Coaching is a powerful way to challenge our thinking, and to enable us to develop more flexible thinking.

5. Interpersonal relationships

Developing a strong support network can be a key factor in increasing resilience.

Building strong interpersonal relationships widens our vision – it changes the way we see the world and ourselves. Additionally, how our networks support us is crucial too. If our people see us as capable and not in need of rescue, this is positive. Acting as coach rather than rescuer supports resilience too.

6. Practice Self Compassion

Self compassion involves offering compassion to ourselves: confronting our own suffering with an attitude of warmth and kindness, without judgment. Think about how you speak to yourself – would you speak like that to a friend, colleague or peer? If not, don’t speak to y0ourself like it. One practice, the self compassion brek can be very powerful in increasing resilience. It has 3 steps:

  • Be mindful: Without judgment or analysis, notice what you’re feeling. Say, “This is a moment of suffering” or “This hurts” or “This is stress.”
  • Remember that you’re not alone: Everyone experiences these deep and painful human emotions, although the causes might be different. Say to yourself, “Suffering is a part of life” or “We all feel this way” or “We all struggle in our lives.”
  • Be kind to yourself: Put your hands on your heart and say something like “May I give myself compassion” or “May I accept myself as I am” or “May I be patient.”

Meditate

As mindfulness gurus like to remind us, our most painful thoughts are usually about the past or the future: We regret and ruminate on things that went wrong, or we get anxious about things that will. When we pause and bring our attention to the present, we often find that things are…okay.
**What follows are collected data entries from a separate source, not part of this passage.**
text \<open>Symmetry of B is what turns the column sums arising after Cauchy-Schwarz
  back into row sums.\<close>

lemma opnorm22_le_symmetric_dominant:
  fixes A B :: "nat \<Rightarrow> nat \<Rightarrow> real"
  assumes dominated: "\<And>i k. i < n \<Longrightarrow> k < n \<Longrightarrow> \<bar>A i k\<bar> \<le> B i k"
    and symmetric: "\<And>i k. i < n \<Longrightarrow> k < n \<Longrightarrow> B i k = B k i"
    and row_sum: "\<And>i. i < n \<Longrightarrow> (\<Sum>k<n. B i k) \<le> R" and "0 \<le> R"
  shows "opnorm22 n A \<le> R"
  unfolding opnorm22_def
proof (rule cSup_least)
  show "{sqrt (\<Sum>i<n. (\<Sum>k<n. A i k * x k)\<^sup>2) | x. (\<Sum>k<n. (x k)\<^sup>2) \<le> 1} \<noteq> {}"
    by (auto intro: exI[of _ "\<lambda>_. 0"])
next
  fix v assume "v \<in> {sqrt (\<Sum>i<n. (\<Sum>k<n. A i k * x k)\<^sup>2) | x. (\<Sum>k<n. (x k)\<^sup>2) \<le> 1}"
  then obtain x where v: "v = sqrt (\<Sum>i<n. (\<Sum>k<n. A i k * x k)\<^sup>2)"
    and x: "(\<Sum>k<n. (x k)\<^sup>2) \<le> 1" by blast
  have B_nonneg: "i < n \<Longrightarrow> k < n \<Longrightarrow> 0 \<le> B i k" for i k using dominated[of i k] by linarith
  have "(\<Sum>i<n. (\<Sum>k<n. A i k * x k)\<^sup>2) \<le> (\<Sum>i<n. R * (\<Sum>k<n. B i k * (x k)\<^sup>2))"
  proof (rule sum_mono)
    fix i assume "i \<in> {..<n}"
    then have "(\<Sum>k<n. A i k * x k)\<^sup>2 \<le> (\<Sum>k<n. B i k) * (\<Sum>k<n. B i k * (x k)\<^sup>2)"
      using dominated by (intro weighted_Cauchy_Schwarz_row) auto
    also have "\<dots> \<le> R * (\<Sum>k<n. B i k * (x k)\<^sup>2)"
      using \<open>i \<in> {..<n}\<close> row_sum B_nonneg by (intro mult_right_mono sum_nonneg) auto
    finally show "(\<Sum>k<n. A i k * x k)\<^sup>2 \<le> R * (\<Sum>k<n. B i k * (x k)\<^sup>2)" .
  qed
  also have "\<dots> = R * (\<Sum>k<n. \<Sum>i<n. B i k * (x k)\<^sup>2)"
    by (simp only: sum_distrib_left[symmetric] sum.swap[of "\<lambda>i k. B i k * (x k)\<^sup>2"])
  also have "\<dots> = R * (\<Sum>k<n. (x k)\<^sup>2 * (\<Sum>i<n. B k i))"
    using symmetric by (auto simp: sum_distrib_left sum_distrib_right mult.commute intro!: sum.cong)
  also have "\<dots> \<le> R * (\<Sum>k<n. (x k)\<^sup>2 * R)"
    using row_sum \<open>0 \<le> R\<close> by (intro mult_left_mono sum_mono) auto
  also have "\<dots> = R\<^sup>2 * (\<Sum>k<n. (x k)\<^sup>2)"
    by (simp add: sum_distrib_left power2_eq_square mult_ac)
  also have "\<dots> \<le> R\<^sup>2" using x by (simp add: mult_left_le)
  finally have "v \<le> sqrt (R\<^sup>2)" unfolding v by (rule real_sqrt_le_mono)
  then show "v \<le> R" using \<open>0 \<le> R\<close> by simp
qed

lemma norm11_nonneg: "0 \<le> norm11 n J"
  unfolding norm11_def by (rule Max_ge) auto

lemma row_sum_le_norm11: "i < n \<Longrightarrow> (\<Sum>j<n. \<bar>J i j\<bar>) \<le> norm11 n J"
  unfolding norm11_def by (rule Max_ge) auto

lemma opnorm22_coupling_le_norm11:
  assumes "\<forall>i<n. \<forall>j<n. J i j = J j i" "\<forall>i<n. J i i = 0"
  shows "opnorm22 n (coupling n J h) \<le> norm11 n J"
  using assms coupling_abs_le row_sum_le_norm11 norm11_nonneg
  by (intro opnorm22_le_symmetric_dominant[where B = "\<lambda>i k. \<bar>J i k\<bar>"]) auto
theorem lemma2p3:
  fixes p :: nat
  assumes "prime p" and "p > 3"
  shows "poly_cong p (legendreP (p div 3))
           (\<Sum>k = 0..p div 3. smult (fact (3*k) / (fact k) ^ 3) ([:1/54, -1/54:] ^ k))"
proof -
  define n where "n = p div 3"
  have "n < p" using assms(2) unfolding n_def by simp
  have p_dvd: "int p dvd (3 * int n + 1) * (3 * int n + 2)"
    unfolding n_def by (rule prime_dvd_three_div_products[OF assms])
  have half: "[:-1/2, 1/2:] = smult (-27) [:1/54, -1/54 :: rat:]" by simp
  have "legendreP n = (\<Sum>k = 0..n.
      smult ((-27) ^ k * of_nat ((n choose k) * ((n + k) choose k))) ([:1/54, -1/54:] ^ k))"
    unfolding legendreP_eq_shifted_sum half smult_power smult_smult by (simp add: mult.commute)
  also have "poly_cong p \<dots>
      (\<Sum>k = 0..n. smult (fact (3 * k) / fact k ^ 3) ([:1/54, -1/54:] ^ k))"
  proof (rule poly_cong_sum_smult[OF assms(1)])
    show "p_integral p (coeff ([:1/54, -1/54:] ^ k) i)" for k i
      by (rule p_integral_coeff_power[OF assms(1) p_integral_coeff_one_minus_X_div_54[OF assms]])
    show "p_integral p ((-27) ^ k * of_nat ((n choose k) * ((n + k) choose k)))" for k
      using p_integral_of_int[OF assms(1), of "(-27) ^ k * int ((n choose k) * ((n + k) choose k))"]
      by simp
    show "p_multiple p
        ((-27) ^ k * of_nat ((n choose k) * ((n + k) choose k)) - fact (3 * k) / fact k ^ 3)"
      if "k \<in> {0..n}" for k
      using that \<open>n < p\<close>
      by (intro binomial_pair_minus_fact_triple_p_multiple[OF assms(1) p_dvd]) auto
  qed
  finally show ?thesis unfolding n_def .
qed

end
Practicing mindfulness brings us more and more into the present, and it offers techniques for dealing with negative emotions when they arise. That way, instead of getting carried away into fear, anger, or despair, we can work through them more deliberately. One practice that is effective is the “body scan”, here you are guided through (or self guide) concentrating on your whole body, from your heard to your toes in turn.

My Reflections

For me, I can see how a positive outlook and positive thinking has helped me in challenging times, I can also see how looking for facts has helped too. Conversely, during times when I have been less resilient, looking back I can clearly see how I had made assumptions, become too focussed on negatives. Equally, I have been enormously helped by coaches to reframe my thinking, to be aware that not all thoughts are facts and to take a more balanced view.

As connection is one of my core values, a small but supportive network of close friends, colleagues and family are constant resilience builders. Always on hand to listen, question, and support – I cant thank this tam of resilience builders enough.

What about you? I’d love to hear what helps you to build and maintain resilience.